Por mucho que intentemos incorporar todos los novismos del mundo mundial, es difícil sustraerse al historicismo. Es más, hasta su forzada elusión forma parte del juego de la continuidad. Los romanos, con la damnatio memoriae, pretendieron imponer la condena del olvido a próceres caídos en desgracia, rayando su inscripción para burlar la traza de la memoria. Pero ello no es más que un divertimento para los historiadores, un hueco en las crónicas que indica la cercanía de la devastación. Quién puede, pues, sustraerse a la plástica de la última instantánea en la Sixtina. El Papa Francisco rodeado de los líderes europeos. Un Pontífice revestido de la doble rebeldía de los jesuitas y de las tierras australes, defendiendo el corazón de Europa. Con el trasfondo del Juicio Final de Buonarotti, Bergloglio habría arrancado una mueca de maledicencia a Julio II, viendo que su obra no solo congregaría por los siglos de los siglos los cónclaves de sus sucesores, sino que el Sacro Imperio se transformaba como la energía, pero mantenía la constante del progreso y la convulsión. Y para cuadrar otra constante universal, en la audiencia papal faltaba aquella Inglaterra que apostató de Roma por un febril casamiento. Sesenta años de la firma de aquellos venerados Padres fundadores. Y aunque Bergoglio no es León X y Marine Le Pen nunca se asociaría con la iconoclasia de Atila, la líder francesa también pretende acabar con esta Europa, aunque acaso también se plante en las puertas de la Ciudad Eterna.
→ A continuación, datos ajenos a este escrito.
(* Assume the setup of the context with $F$ formally real, and let $V_\lambda$ be a simple $H$-module of type $\lambda\in\Lambda$. Then: (a) there is a symmetric bilinear form $\langle\cdot,\cdot\rangle_\lambda:V_\lambda\times V_\lambda\to K$ which is $H$-invariant, i.e. $\langle h^\ast v,w\rangle_\lambda=\langle v,hw\rangle_\lambda$ for all $h\in H$, $v,w\in V_\lambda$, and positive definite in the sense that $\langle w,w\rangle_\lambda$ is always a sum of squares in $K$ which is $0$ only for $w=0$ (in particular it is nondegenerate); (b) for this form and every $w\in V_\lambda\setminus\{0\}$ one has $\nu(\langle w,w\rangle_\lambda)\in2\Gamma$; (c) $a_\lambda\in\Gamma$, and there exists a balanced matrix representation of type $\lambda$.
   Context: Setup: $\Gamma$ a totally ordered abelian group; $K$ a field with surjective valuation $\nu:K\to\Gamma\cup\{\infty\}$, valuation ring $\mathcal{O}$, maximal ideal $\mathfrak{m}$, residue field $F=\mathcal{O}/\mathfrak{m}$, assumed formally real ($-1$ not a sum of squares); $\nu$ of a matrix is the minimum over entries. $H$ is a finite-dimensional split semisimple $K$-algebra, symmetric with trace form $\tau$; $\Lambda$ indexes simple modules, $\chi_\lambda$ characters, Schur elements $c_\lambda$ defined by $\tau=\sum_\lambda c_\lambda^{-1}\chi_\lambda$. $\ast$ is a $K$-linear involutive antiautomorphism of $H$ and there is a $\ast$-symmetric basis, i.e. a basis $B$ with $B^\ast=B$ and $\tau(bc^\ast)=\delta_{bc}$. $a_\lambda:=-\tfrac12\nu(c_\lambda)$. An irreducible matrix representation $\rho$ of type $\lambda$ is balanced if $a_\lambda\in\Gamma$ and $\nu(\rho(b))\ge -a_\lambda$ for all $b$ in every $\ast$-symmetric basis. *)

theory Defs
  imports "Jordan_Normal_Form.Matrix"
begin
(* Let $X$ be an open Riemann surface and $G$ a finite group acting on $X$ by holomorphic automorphisms, transitively on the set of connected components of $X$, such that the stabiliser of each component acts effectively on that component; let $\pi:X\to\widetilde X=X/G$ be the quotient projection. Then a compact set $\widetilde S\subset\widetilde X$ is Runge in $\widetilde X$ if and only if $S=\pi^{-1}(\widetilde S)$ is Runge in $X$.
   Context: A compact set $S$ in an open Riemann surface $X$ is Runge if it is $\mathcal{O}(X)$-convex, i.e. for every $p\in X\setminus S$ there is a holomorphic function $h$ on $X$ with $|h(p)|>\sup_S|h|$. Under the hypotheses, $X/G$ is a connected Riemann surface and $\pi$ is holomorphic. *)

theory Defs
  imports "HOL-Complex_Analysis.Complex_Analysis" "HOL-Algebra.Group_Action"
begin

definition complex_atlas :: "'a topology \<Rightarrow> ('a set \<times> ('a \<Rightarrow> complex)) set \<Rightarrow> bool" where
  "complex_atlas X A \<longleftrightarrow>
     \<Union>(fst ` A) = topspace X \<and>
     (\<forall>(U,\<phi>)\<in>A. openin X U \<and> open (\<phi> ` U) \<and>
        homeomorphic_map (subtopology X U) (top_of_set (\<phi> ` U)) \<phi>) \<and>
     (\<forall>(U,\<phi>)\<in>A. \<forall>(V,\<psi>)\<in>A. (\<psi> \<circ> inv_into U \<phi>) holomorphic_on (\<phi> ` (U \<inter> V)))"

text \<open>Riemann surface (connectedness not required): Hausdorff space with a complex atlas.\<close>
definition riemann_surface :: "'a topology \<Rightarrow> ('a set \<times> ('a \<Rightarrow> complex)) set \<Rightarrow> bool" where
  "riemann_surface X A \<longleftrightarrow> Hausdorff_space X \<and> complex_atlas X A"

definition open_riemann_surface :: "'a topology \<Rightarrow> ('a set \<times> ('a \<Rightarrow> complex)) set \<Rightarrow> bool" where
  "open_riemann_surface X A \<longleftrightarrow> riemann_surface X A \<and>
     (\<forall>C\<in>connected_components_of X. \<not> compactin X C)"

definition holomorphic_fun :: "'a topology \<Rightarrow> ('a set \<times> ('a \<Rightarrow> complex)) set \<Rightarrow> ('a \<Rightarrow> complex) \<Rightarrow> bool" where
  "holomorphic_fun X A h \<longleftrightarrow> (\<forall>(U,\<phi>)\<in>A. (h \<circ> inv_into U \<phi>) holomorphic_on (\<phi> ` U))"

definition holomorphic_map ::
  "'a topology \<Rightarrow> ('a set \<times> ('a \<Rightarrow> complex)) set \<Rightarrow> 'b topology \<Rightarrow> ('b set \<times> ('b \<Rightarrow> complex)) set
   \<Rightarrow> ('a \<Rightarrow> 'b) \<Rightarrow> bool" where
  "holomorphic_map X A Y B f \<longleftrightarrow> continuous_map X Y f \<and>
     (\<forall>(U,\<phi>)\<in>A. \<forall>(V,\<psi>)\<in>B.
        (\<psi> \<circ> f \<circ> inv_into U \<phi>) holomorphic_on (\<phi> ` (U \<inter> {x \<in> topspace X. f x \<in> V})))"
Aquí no hemos tenido Sacro Imperio Germánico; tal vez una suerte de Liga hanseática; un conglomerado de perfiles e intereses muy contrapuestos --no había más que observar el lenguaje corporal de Eduardo Madina--, pero que sumaban una causa común. Que la unión hace la fuerza sea un lema añejísimo, no significa que se haya dejado de practicar. Si el güisqui se fabricase en una destilería de cinismo, ríanse ustedes de la malta escocesa en comparación con la añada que hubiera salido de los pensamientos abstraídos de la primera fila del Pabellón IX. Pero allí había una causa, o mejor un exvoto común, de nombre Susana. La presidenta de la Junta ha dado el gran salto, y ha hecho bien en robustecerse con la Historia, en testimoniar que porta la llama del socialismo, indicando, sobre todo a uno de los candidatos, su condición de réprobo. Al igual que las apelaciones del Santo Padre a las costuras del Continente, el PSOE necesita la fortaleza de la cohesión para llegar a alcanzar alguna vez los nuevos viejos tiempos. Quizá no sea suficiente con la estela matriarcal de la señora del Sur, pues el lenguaje de esta Baviera con campos de olivos chirría en otras latitudes que desde hace tiempo se hicieron narcisas en su identidad. Susana Díaz no ha dado ese paso adelante hasta que le han pertrechado con buenas dosis de fortaleza y poder, pero ni siquiera con esas condiciones el futuro está escrito. Le falta recuperar el temple de los desfavorecidos, y actualizar ese sustrato progresista que sigue borbollando en los tuétanos de este país. Solo queda aguardar soluciones que encaucen buenas alternativas de gobierno.